* WORK INSTRUCTION:
From the entries, filter out every line that lacks "intro" and copy the rest.

****

lemma direct_sum_H_part:
  assumes "in_H n sm h" and sum_zero: "Add h (gen_sum a) \<simeq> Zero"
  shows "h \<simeq> Zero"
proof -
  have "gen_sum a \<simeq> Zero"
    using gen_sum_coeff_eq_zero[OF assms] by (rule gen_sum_zero)
  then have "h \<simeq> Add h (gen_sum a)"
    by (rule stl_eq.trans[OF stl_eq.sym[OF stl_eq.add_zero] cong_add_right[OF stl_eq.sym]])
  then show ?thesis using sum_zero by (rule stl_eq.trans)
qed

lemma direct_sum_X_part:
  "in_H n sm h \<Longrightarrow> Add h (gen_sum a) \<simeq> Zero \<Longrightarrow> offdiag_pos n i j \<Longrightarrow> Gen i j (a i j) \<simeq> Zero"
  using gen_sum_coeff_eq_zero[of h a i j] gen_zero[of i j] by simp

section \<open>Brackets of H with the root spaces X_ij(R)\<close>

lemma in_X_gen: "in_X n sm k l (Gen k l c)"
  unfolding in_X_def by (blast intro: stl_eq.refl)

lemma in_X_cong: "e \<simeq> e' \<Longrightarrow> in_X n sm k l e' \<Longrightarrow> in_X n sm k l e"
  unfolding in_X_def by (blast intro: stl_eq.trans)

lemma in_X_zero: "offdiag_pos n k l \<Longrightarrow> e \<simeq> Zero \<Longrightarrow> in_X n sm k l e"
  unfolding in_X_def by (blast intro: stl_eq.trans stl_eq.sym gen_zero)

****

* RESULT OF THE EXERCISE:
  unfolding in_X_def by (blast intro: stl_eq.refl)
  unfolding in_X_def by (blast intro: stl_eq.trans)
  unfolding in_X_def by (blast intro: stl_eq.trans stl_eq.sym gen_zero)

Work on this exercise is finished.